Asset Fund Amount Account type % of asset class % of total portfolio Bonds VBTLX (https://personal.vanguard.com/us/funds/snapshot?FundId=0584&FundIntExt=INT) $12,500 Sheltered 100% 20% Foreign stocks VTMGX (https://personal.vanguard.com/us/funds/snapshot?FundId=0127&FundIntExt=INT) $10,000 Taxable 20% 16% Large market VFIAX (https://personal.vanguard.com/us/funds/snapshot?FundId=0540&FundIntExt=INT) $10,000 Taxable 20% 16% Small market VTMSX (https://personal.vanguard.com/us/funds/snapshot?FundId=0116&FundIntExt=INT) $10,000 Taxable 20% 16% Large value VVIAX (https://personal.vanguard.com/us/funds/snapshot?FundId=0506&FundIntExt=INT) $12,500 Sheltered 25% 20% Small value VISVX (https://personal.vanguard.com/us/funds/snapshot?FundId=0860&FundIntExt=INT) $2,500 Sheltered 5% 4% REITs VGSIX (https://personal.vanguard.com/us/funds/snapshot?FundId=0123&FundIntExt=INT) $5,000 Sheltered 10% 8%
A few things to note:
- The assets in my taxable account are what I'm going to buy now. When I leave my job in two months, I will roll my 401(k) over into an IRA, sell my shares in the target-date fund, and buy the "sheltered" assets listed above.
- Since the asset allocation I initially came up with did not fit well with my taxable/sheltered ratio, I settled on a compromise: owning 20% small market and 5% small value rather than my original 10% and 15%. This is quite a bit less value-heavy than I would have liked, but I'm out of space in my sheltered account and it wouldn't make sense to own a small value index fund in a taxable account.
- I hate looking at the growth charts for these funds as it's clear that I'll be buying into the market at a time when it's quite expensive.

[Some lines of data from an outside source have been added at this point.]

text \<open>Invariance and \<open>\<Sum> M\<^sup>\<dagger>M = I\<close> make the chain decreasing.\<close>
lemma dual_ker_Suc_subset: "dual_ker Ms PS (Suc j) \<subseteq> dual_ker Ms PS j"
proof (induction j)
  case 0
  show ?case
  proof
    fix x assume "x \<in> dual_ker Ms PS (Suc 0)"
    then have x: "\<forall>M\<in>set Ms. M *v x \<in> orth_compl HS"
      by (simp add: dual_ker_Suc[OF orth_proj] dual_ker_0[OF orth_proj])
    have "cinner s x = 0" if s: "s \<in> HS" for s
    proof -
      have "cinner s x = cinner s (sum_list (map (\<lambda>M. adj M ** M) Ms) *v x)"
        using kraus by (simp add: kraus_family_def)
      also have "\<dots> = sum_list (map (\<lambda>M. cinner (M *v s) (M *v x)) Ms)"
        by (simp add: mv_sum_list cinner_sum_list_right matrix_vector_mul_assoc[symmetric] adj_cinner)
      also have "\<dots> = sum_list (map (\<lambda>M. 0) Ms)"
        using x invariant_kraus_op[OF inv subspace s]
        by (intro arg_cong[where f=sum_list] map_cong) (auto simp: orth_compl_def)
      finally show ?thesis by simp
    qed
    then show "x \<in> dual_ker Ms PS 0" by (simp add: dual_ker_0[OF orth_proj] orth_compl_def)
  qed
next
  case (Suc j)
  then show ?case by (auto simp: dual_ker_Suc[OF orth_proj])
qed

lemma dual_ker_antimono: "i \<le> j \<Longrightarrow> dual_ker Ms PS j \<subseteq> dual_ker Ms PS i"
  by (induction j rule: dec_induct) (use dual_ker_Suc_subset in blast)+

lemma did_SR_dual_ker:
  "snd (did_SR Ms HS j) = dual_ker Ms PS j \<and> orth_compl (fst (did_SR Ms HS j)) = dual_ker Ms PS j
   \<and> 0 \<in> fst (did_SR Ms HS j)"
proof (induction j)
  case 0
  show ?case using subspace dual_ker_0[OF orth_proj] by (simp add: csubspace_def)
next
  case (Suc j)
  define S where "S = fst (did_SR Ms HS j)"
  define R where "R = snd (did_SR Ms HS j)"
  define R' where "R' = next_R Ms S R"
  have R: "R = dual_ker Ms PS j" and S: "orth_compl S = dual_ker Ms PS j" and S0: "0 \<in> S"
    using Suc by (auto simp: S_def R_def)
  have R': "R' = dual_ker Ms PS (Suc j)"
    using dual_ker_Suc_subset[of j]
    by (auto simp: R'_def next_R_def R S dual_ker_Suc[OF orth_proj])
  have T0: "0 \<in> R \<inter> orth_compl R'"
    using csubspace_dual_ker[of Ms PS j] csubspace_orth_compl[of R'] R by (simp add: csubspace_def)
  have "orth_compl (S \<oplus>\<^sub>s (R \<inter> orth_compl R')) = orth_compl S \<inter> orth_compl (R \<inter> orth_compl R')"
    by (rule orth_compl_ssum[OF S0 T0])
  also have "\<dots> = dual_ker Ms PS (Suc j)"
    unfolding S R R'
    by (rule relative_orth_compl_orth_compl[OF csubspace_dual_ker csubspace_dual_ker
          dual_ker_Suc_subset])
  finally have "orth_compl (S \<oplus>\<^sub>s (R \<inter> orth_compl R')) = dual_ker Ms PS (Suc j)" .
  moreover have "0 \<in> S \<oplus>\<^sub>s (R \<inter> orth_compl R')"
    using S0 T0 unfolding ssum_def by force
  moreover have "did_SR Ms HS (Suc j) = (S \<oplus>\<^sub>s (R \<inter> orth_compl R'), R')"
    by (simp add: S_def R_def R'_def Let_def)
  ultimately show ?case using R' by simp
qed

lemma DID_R_dual_ker: "DID_R Ms HS i = dual_ker Ms PS (i - 1)"
  using did_SR_dual_ker by (simp add: DID_R_def)

end

section \<open>The kernel chain of a GAS subspace\<close>

locale GAS_setting =
  fixes Ms :: "'n::finite cmat list" and HS :: "'n cvec set" and PS :: "'n cmat"
  assumes kraus: "kraus_family Ms" and subspace: "csubspace HS"
    and orth_proj: "is_orth_proj PS HS" and gas: "GAS Ms HS PS"
begin

sublocale invariant_setting Ms HS PS
proof
  show "kraus_family Ms" by (fact kraus)
  show "csubspace HS" by (fact subspace)
  show "is_orth_proj PS HS" by (fact orth_proj)
  show "invariant Ms HS" using gas unfolding GAS_def by (rule conjunct1)
qed

text \<open>GAS forbids a nonzero stall: if \<open>K\<^sub>j\<^sub>+\<^sub>1 = K\<^sub>j \<noteq> {0}\<close>, every Kraus operator maps \<open>K\<^sub>j\<close> into
  itself, so a pure state in \<open>K\<^sub>j \<subseteq> H\<^sub>S\<^sup>\<perp>\<close> evolves within \<open>K\<^sub>j\<close>; then \<open>\<Pi>\<^sub>S T\<^sup>n(\<rho>) = 0\<close>, and GAS
  would force \<open>T\<^sup>n(\<rho>) \<rightarrow> 0\<close>, contradicting trace preservation.\<close>
lemma no_nonzero_stall:
  assumes stall: "dual_ker Ms PS (Suc j) = dual_ker Ms PS j"
  shows "dual_ker Ms PS j = {0}"
proof (rule ccontr)
  let ?K = "dual_ker Ms PS j"
  assume "?K \<noteq> {0}"
  then obtain u where uK: "u \<in> ?K" and u1: "cinner u u = 1"
    using unit_vector_in_subspace[OF csubspace_dual_ker] by blast
  define \<rho> where "\<rho> = ketbra u"
  have dens: "density \<rho>" by (simp add: density_def \<rho>_def psd_ketbra trace_ketbra u1)
  have MK: "M *v x \<in> ?K" if "M \<in> set Ms" "x \<in> ?K" for M x
    using that stall dual_ker_Suc[OF orth_proj, of Ms j] by auto
  have range: "(kraus_map Ms ^^ n) \<rho> *v y \<in> ?K" for n y
  proof (induction n arbitrary: y)
    case 0
    show ?case using uK csubspace_dual_ker[of Ms PS j] by (simp add: \<rho>_def ketbra_mv csubspace_def)
  next
    case (Suc n)
    show ?case using kraus_map_preserves_range[OF csubspace_dual_ker MK Suc] by simp
  qed
  have "?K \<subseteq> ker PS"
    using dual_ker_antimono[of 0 j] by (simp add: dual_ker_def)
  then have "(PS ** (kraus_map Ms ^^ n) \<rho>) *v y = 0 *v y" for n y
    using range[of n y] by (simp add: ker_def subset_iff matrix_vector_mul_assoc[symmetric])
  then have "PS ** (kraus_map Ms ^^ n) \<rho> = 0" for n
    unfolding matrix_eq by blast
  moreover have "(\<lambda>n. norm ((kraus_map Ms ^^ n) \<rho> - PS ** (kraus_map Ms ^^ n) \<rho> ** PS)) \<longlonglongrightarrow> 0"
    using gas dens by (simp add: GAS_def)
  ultimately have "(\<lambda>n. (kraus_map Ms ^^ n) \<rho>) \<longlonglongrightarrow> 0"
    by (simp add: tendsto_norm_zero_iff)
  then have "(\<lambda>n. trace ((kraus_map Ms ^^ n) \<rho>)) \<longlonglongrightarrow> 0" by (rule tendsto_trace_zero)
  moreover have "trace ((kraus_map Ms ^^ n) \<rho>) = 1" for n
    using dens by (induction n) (simp_all add: density_def trace_kraus_map[OF kraus])
  ultimately have "(\<lambda>n. 1 :: complex) \<longlonglongrightarrow> 0" by simp
  then show False by (simp add: LIMSEQ_const_iff)
qed

lemma DID_N_char: "DID_N Ms HS = (LEAST i. 1 \<le> i \<and> dual_ker Ms PS i = {0})"
proof -
  have "(1 \<le> i \<and> (DID_R Ms HS (Suc i) = DID_R Ms HS i \<or> DID_R Ms HS (Suc i) = {0}))
      \<longleftrightarrow> (1 \<le> i \<and> dual_ker Ms PS i = {0})" for i
    using no_nonzero_stall[of "i - 1"] by (cases i) (auto simp: DID_R_dual_ker)
  then show ?thesis unfolding DID_N_def by (simp only:)
qed

lemma DID_N_props:
  "1 \<le> DID_N Ms HS" "dual_ker Ms PS (DID_N Ms HS) = {0}"
proof -
  obtain j where "dual_ker Ms PS (Suc j) = dual_ker Ms PS j"
    using decreasing_csubspace_chain_stalls[of "dual_ker Ms PS"] csubspace_dual_ker
      dual_ker_Suc_subset by blast
  then have "1 \<le> Suc j \<and> dual_ker Ms PS (Suc j) = {0}"
    using no_nonzero_stall by simp
  from LeastI[of "\<lambda>i. 1 \<le> i \<and> dual_ker Ms PS i = {0}", OF this]
  show "1 \<le> DID_N Ms HS" "dual_ker Ms PS (DID_N Ms HS) = {0}"
    unfolding DID_N_char by simp_all
qed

Should I wait? (I'm guessing the answer is "Hell no! Jump in, stick to your chosen allocation, and don't try to time the market.")
I would suggest a simple 3-fund portfolio [total US, total foreign, total US bond] with maybe 1-tilt for now [REIT], as you pass 6 figures maybe add a small value tilt, and then maybe mid-6 figures some of the others you are considering.

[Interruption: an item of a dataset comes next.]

(* Let $X=(X_1,\dots,X_d)$ be a non-degenerate $d$-dimensional $1$-Meixner random vector with $E[X_k]=0$ and $E[X_iX_j]=\delta_{i,j}$ for all $i,j,k$, so that $[U_i,X_j]=\sum_{k=1}^d\alpha_{i,j,k}X_k+\delta_{i,j}I$ for real numbers $\alpha_{i,j,k}$. Then the Laplace transform $\varphi(t_1,\dots,t_d):=E[\exp(t_1X_1+\cdots+t_dX_d)]$ satisfies, for all $\mathbf t$ in a neighborhood $V$ of $\mathbf 0$ and all $i\in\{1,\dots,d\}$, $$\frac{\partial\varphi}{\partial t_i}=\sum_{1\le j,k\le d}\alpha_{i,j,k}\,t_j\,\frac{\partial\varphi}{\partial t_k}+t_i\varphi .$$
   Context: Let $X_1,\dots,X_d$ be real random variables on $(\Omega,\mathcal F,P)$ with finite moments of all orders. $F$ is the space of polynomial random variables $f(X_1,\dots,X_d)$ (complex coefficients), $F_n$ those of degree $\le n$, $G_0=F_0$, $G_n=F_n\ominus F_{n-1}$ in $L^2(P)$. For $f\in G_n$, $X_if\in G_{n-1}\oplus G_n\oplus G_{n+1}$; its components define $a^-(i)f,a^0(i)f,a^+(i)f$ respectively, extended linearly to $F$. $U_i:=a^-(i)+\tfrac12a^0(i)$. $(X_1,\dots,X_d)$ is a $d$-dimensional $1$-Meixner random vector if there are reals $\alpha_{i,j,k},\beta_{i,j}$ with $[U_i,X_j]=\sum_k\alpha_{i,j,k}X_k+\beta_{i,j}I$ on $F$ for all $i,j$ (with $X_j$ the multiplication operator, $I$ the identity); it is non-degenerate if $I,X_1,\dots,X_d$ are linearly independent operators on $F$. *)

theory Defs
  imports "HOL-Probability.Probability"
begin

Muni funds probably make sense if you are completely unafraid of the real possibility of your state defaulting and are in a state with high state taxes and you're in the Fed 33% or so marginal bracket
Sounds like a giant headache
Have you read the boglehead guide to tax-efficient portfolios? Doesnt look like it.

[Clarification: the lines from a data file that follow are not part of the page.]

lemma abs_adj_mat_le:
  fixes A :: "real mat"
  assumes A: "A \<in> carrier_mat n n" and B: "\<And>i j. i < n \<Longrightarrow> j < n \<Longrightarrow> \<bar>A $$ (i, j)\<bar> \<le> B"
    and "1 \<le> B" and "i < n" "j < n"
  shows "\<bar>adj_mat A $$ (i, j)\<bar> \<le> fact n * B ^ n"
proof -
  have "\<bar>adj_mat A $$ (i, j)\<bar> = \<bar>det (mat_delete A j i)\<bar>"
    using assms by (simp add: adj_mat_def cofactor_def abs_mult)
  also have "\<dots> \<le> fact (n - 1) * B ^ (n - 1)"
    using A by (intro abs_det_le[OF mat_delete_carrier[OF A]]) (auto simp: mat_delete_def intro!: B)
  also have "\<dots> \<le> fact n * B ^ n"
    using \<open>1 \<le> B\<close> by (intro mult_mono fact_mono power_increasing) auto
  finally show ?thesis .
qed

lemma abs_mult_mat_vec_le:
  fixes A :: "real mat" and v :: "real Matrix.vec"
  assumes A: "A \<in> carrier_mat n n" and v: "v \<in> carrier_vec n"
    and B: "\<And>i j. i < n \<Longrightarrow> j < n \<Longrightarrow> \<bar>A $$ (i, j)\<bar> \<le> B"
    and V: "\<And>j. j < n \<Longrightarrow> \<bar>v $ j\<bar> \<le> V" and i: "i < n"
  shows "\<bar>(A *\<^sub>v v) $ i\<bar> \<le> n * B * V"
proof -
  have "0 \<le> B" using B[OF i i] by linarith
  have "\<bar>(A *\<^sub>v v) $ i\<bar> = \<bar>\<Sum>j = 0..<n. A $$ (i, j) * v $ j\<bar>"
    using A v i by (simp add: scalar_prod_def)
  also have "\<dots> \<le> (\<Sum>j = 0..<n. \<bar>A $$ (i, j)\<bar> * \<bar>v $ j\<bar>)"
    by (simp add: abs_mult[symmetric] sum_abs)
  also have "\<dots> \<le> (\<Sum>j = 0..<n. B * V)"
    using B V i \<open>0 \<le> B\<close> by (intro sum_mono mult_mono) auto
  finally show ?thesis by simp
qed

lemma bounded_solution:
  fixes A :: "real mat" and v :: "real Matrix.vec"
  assumes A: "A \<in> carrier_mat n n" and c: "0 < c" "c \<le> \<bar>det A\<bar>"
    and B: "\<And>i j. i < n \<Longrightarrow> j < n \<Longrightarrow> \<bar>A $$ (i, j)\<bar> \<le> B" "1 \<le> B"
    and v: "v \<in> carrier_vec n" "\<And>j. j < n \<Longrightarrow> \<bar>v $ j\<bar> \<le> V"
  obtains x where "x \<in> carrier_vec n" "A *\<^sub>v x = v"
    "\<And>i. i < n \<Longrightarrow> \<bar>x $ i\<bar> \<le> real n * fact n * B ^ n * V / c"
proof
  let ?z = "adj_mat A *\<^sub>v v"
  have adj: "adj_mat A \<in> carrier_mat n n" and z: "?z \<in> carrier_vec n"
    using adj_mat(1)[OF A] v by auto
  have "det A \<noteq> 0" using c by auto
  show "(1 / det A) \<cdot>\<^sub>v ?z \<in> carrier_vec n" using z by simp
  have "A *\<^sub>v ((1 / det A) \<cdot>\<^sub>v ?z) = (1 / det A) \<cdot>\<^sub>v ((A * adj_mat A) *\<^sub>v v)"
    using A adj v by (simp add: mult_mat_vec[OF A z])
  also have "\<dots> = (1 / det A) \<cdot>\<^sub>v (det A \<cdot>\<^sub>v v)"
    using adj_mat(2)[OF A] v by auto
  finally show "A *\<^sub>v ((1 / det A) \<cdot>\<^sub>v ?z) = v"
    using \<open>det A \<noteq> 0\<close> by (simp add: smult_smult_assoc)
  fix i assume i: "i < n"
  have "\<bar>?z $ i\<bar> \<le> real n * (fact n * B ^ n) * V"
    using abs_adj_mat_le[OF A B] by (intro abs_mult_mat_vec_le[OF adj v(1) _ v(2) i])
  then have z_le: "\<bar>?z $ i\<bar> \<le> real n * fact n * B ^ n * V"
    by (simp only: mult.assoc)
  have "((1 / det A) \<cdot>\<^sub>v ?z) $ i = ?z $ i / det A"
    using index_smult_vec(1)[of i ?z "1 / det A"] i carrier_vecD[OF z] by simp
  then have "\<bar>((1 / det A) \<cdot>\<^sub>v ?z) $ i\<bar> = \<bar>?z $ i\<bar> / \<bar>det A\<bar>"
    by (simp add: abs_divide)
  also have "\<dots> \<le> \<bar>?z $ i\<bar> / c"
    using c by (intro divide_left_mono) auto
  also have "\<dots> \<le> real n * fact n * B ^ n * V / c"
    using z_le c by (intro divide_right_mono) auto
  finally show "\<bar>((1 / det A) \<cdot>\<^sub>v ?z) $ i\<bar> \<le> real n * fact n * B ^ n * V / c" .
qed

Bonds always go in tax-advantaged space. When you run out [a good problem to have], also consider Ibonds/EE bonds [in fact, consider them anyways].
Next, foreign indexes go into taxable [for the foreign tax credit], and then following a KISS principle round out the rest of your portfolio where possible. You want some funds in taxable to support tax-loss harvesting where possible. EG swap out one foreign index fund for another if it drops 10% or so. Do it again if it keeps falling and bank that tax loss. Avoid the wash sale.
I would just like to interject 3 things:
1) Godamn!!! 23 and you have and are thinking about a "portfolio". Fuck all when I was 23 I had passing interest in ERE...but my beer drinking and general assing-off won out.
2) Thank you for posting these links. It is VERY helpful for people such as myself (who are just beginning to dip the toes in) to be able to go straight to the funds one is discussing. I find when reading through various investing related posts I find myself unsure of exactly which particular fund a person is truly discussing. So thanks.
3) Good on ya!! If I had pulled my head out of my ass as early as you...I would already BE where I want to get to.
Hope I didn't thread-jack too badly.